La sonnette d'alarme des menaces écologiques est maintenant tirée. Tout le monde comprend qu'il ne s'agit pas d'une lubie des verts , mais d'un enjeu vital pour la survie du genre humain. L'engagement écologique rencontre une forte résonance dans le cœur des croyants. Respecter la création et ne pas voler les générations futures, c'est un devoir que Dieu nous fait.
La place des Églises
Il faudrait aussi arriver à s'expliquer sur la place des Églises et des religions, dans la société. Le mot laïcité a des sens tellement variés — et contradictoires dans la bouche de ses différents utilisateurs ! La construction de l'Europe, où se mêlent des traditions diverses, peut aider la France à trouver en ce domaine un chemin nouveau.
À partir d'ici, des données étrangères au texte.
(* Let $\Sigma$ be a finite alphabet. (1) For any $\lambda\in[0,1]$ there is a quantum automaton $\mathcal{A}$ over $\Sigma$ such that $f^{\mathrm{ND}}_{\mathcal{A}}(w)=\lambda$ for all $w\in\Sigma^\omega$. (2) For any quantum automaton $\mathcal{A}$ over $\Sigma$ and $\lambda\in[0,1]$ there is a quantum automaton $\mathcal{B}$ over $\Sigma$ with $f^{\mathrm{ND}}_{\mathcal{B}}(w)=\lambda f^{\mathrm{ND}}_{\mathcal{A}}(w)$ for all $w\in\Sigma^\omega$. (3) For any quantum automaton $\mathcal{A}$ over $\Sigma$ and $\lambda\in[0,1]$ there is a quantum automaton $\mathcal{B}$ over $\Sigma$ with $f^{\mathrm{ND}}_{\mathcal{B}}(w)=\lambda f^{\mathrm{ND}}_{\mathcal{A}}(w)+(1-\lambda)$ for all $w\in\Sigma^\omega$.
   Context: A quantum automaton is a tuple $\mathcal{A}=(\mathcal{H},|s_0\rangle,\Sigma,\{U_\sigma:\sigma\in\Sigma\},F)$ where $\mathcal{H}$ is a finite-dimensional complex Hilbert space, $|s_0\rangle$ a unit vector, $\Sigma$ a finite alphabet, each $U_\sigma$ unitary, and $F$ a subspace. For $w=\sigma_1\sigma_2\cdots\in\Sigma^\omega$ the non-disturbing run is $|s_n\rangle=U_{\sigma_n}\cdots U_{\sigma_1}|s_0\rangle$ and $f^{\mathrm{ND}}_{\mathcal{A}}(w)=\sup_{|\psi\rangle}\sup_{\{n_i\}}\inf_{i\ge1}|\langle\psi|s_{n_i}\rangle|^2$ over unit $|\psi\rangle\in F$ and strictly increasing sequences $0\le n_1<n_2<\cdots$. *)

theory Defs
  imports "Jordan_Normal_Form.Schur_Decomposition"
begin

record 'a qaut =
  qa_dim   :: nat
  qa_init  :: "complex vec"
  qa_trans :: "'a \<Rightarrow> complex mat"
  qa_acc   :: "complex vec set"

definition inner :: "complex vec \<Rightarrow> complex vec \<Rightarrow> complex" where
  "inner \<psi> s = (\<Sum>i<dim_vec s. cnj (\<psi> $ i) * s $ i)"

definition unitary_mat :: "nat \<Rightarrow> complex mat \<Rightarrow> bool" where
  "unitary_mat n U \<longleftrightarrow> U \<in> carrier_mat n n \<and> mat_adjoint U * U = 1\<^sub>m n \<and> U * mat_adjoint U = 1\<^sub>m n"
L'influence d'un citoyen peut paraître minime, si elle se limite à son bulletin de vote. Mais l'action d'un chrétien ne saurait s'arrêter à l'accomplissement de son devoir électoral. Nul ne doit minimiser sa responsabilité. La communauté chrétienne encourage tous ses membres, en particulier les jeunes, à s'engager dans la chose politique (res publica). Le Pape Pie XI nous a éclairés en affirmant que l'engagement politique est la forme suprême de la charité.
Pour autant, les chrétiens n'oublient pas qu'ils ont d'abord pour mission de toujours prier sans se décourager (Luc 18, 1). Prions donc pour les candidats aux élections présidentielles, législatives ou municipales. Ce n'est pas facile de prier pour ceux que l'on regarde comme des adversaires ou des dangers pour la vie sociale. Prions aussi pour les électeurs, afin que leur choix soit inspiré par l'amour des autres et le bien commun, plutôt que par l'intérêt personnel. Il est heureux que l'on entende ces intentions à la prière universelle, au cours de nos eucharisties ; j'espère qu'elles ont aussi place dans le secret de notre prière personnelle.
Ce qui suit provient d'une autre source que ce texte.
lemma one_add_norm_power2_pos: "1 + (norm z)\<^sup>2 > (0::real)"
  by (simp add: add_pos_nonneg)

lemma has_real_derivative_weighted_norm_power2:
  fixes w :: "real \<Rightarrow> 'a::real_inner"
  assumes "(c has_real_derivative c') (at s)" and "(w has_vector_derivative w') (at s)"
  shows "((\<lambda>s. c s * (norm (w s))\<^sup>2) has_real_derivative (c' *\<^sub>R w s + (2 * c s) *\<^sub>R w') \<bullet> w s) (at s)"
  using DERIV_mult[OF assms(1) has_real_derivative_norm_power2[OF assms(2)]]
  by (simp add: inner_add_left power2_norm_eq_inner inner_commute algebra_simps)

lemma deriv_has_real_derivative_on_open:
  assumes "open S" and "t \<in> S" and "\<And>s. s \<in> S \<Longrightarrow> (f has_real_derivative f' s) (at s)"
    and "(f' has_real_derivative f'') (at t)"
  shows "(deriv f has_real_derivative f'') (at t)"
  using assms(4,1,2) by (rule has_field_derivative_transform_within_open) (simp add: DERIV_imp_deriv[OF assms(3)])

lemma sum_pairs_symmetrize:
  fixes p q :: "nat \<Rightarrow> 'a::real_inner"
  assumes "\<And>i j. K i j = K j i"
  shows "(\<Sum>i<N. \<Sum>j<N. K i j * (p i \<bullet> (q j - q i)))
       = - (\<Sum>i<N. \<Sum>j<N. K i j * ((p i - p j) \<bullet> (q i - q j))) / 2"
proof -
  let ?L = "\<Sum>i<N. \<Sum>j<N. K i j * (p i \<bullet> (q j - q i))"
  have "2 * ?L = ?L + (\<Sum>i<N. \<Sum>j<N. K j i * (p j \<bullet> (q i - q j)))"
    by (subst (2) sum.swap) simp
  also have "\<dots> = (\<Sum>i<N. \<Sum>j<N. - (K i j * ((p i - p j) \<bullet> (q i - q j))))"
    unfolding sum.distrib[symmetric]
    by (intro sum.cong refl) (simp add: assms[of _ i for i] algebra_simps)
  finally show ?thesis
    by (simp add: sum_negf)
qed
Nous avons mission de prier pour l'ensemble de la société civile, afin qu'elle vive les mois à venir comme un vrai débat où les convictions de chacun puissent être exprimées librement et dans le respect des autres. On peut prier dès maintenant pour ceux qui seront élus car les responsabilités qui les attendent sont grandes et difficiles à exercer. Les chrétiens qui assument la responsabilité de gouverner ou de légiférer ont particulièrement besoin de notre aide et de notre soutien dans leur travail. Ils sont appelés à montrer une cohérence entre leur foi et leur engagement, l'esprit de l'Évangile et le service de la société actuelle. Puissent-ils, comme dit le Concile, Mener toutes leurs activités terrestres en unissant dans une vivante synthèse tous les efforts humains, familiaux, professionnels, scientifiques ou techniques, et les valeurs religieuses, sous la haute ordonnance desquelles tout est coordonné à la gloire de Dieu [1].
+ Cardinal Philippe Barbarin,
archevêque de Lyon .
[1] Gaudium et Spes, 43. Voir aussi Questions sur l'engagement et le comportement des catholiques dans la vie politique, Note doctrinale de la Congrégation pour la Doctrine de la foi, in La Documentation catholique, 2 février 2003, n° 2285.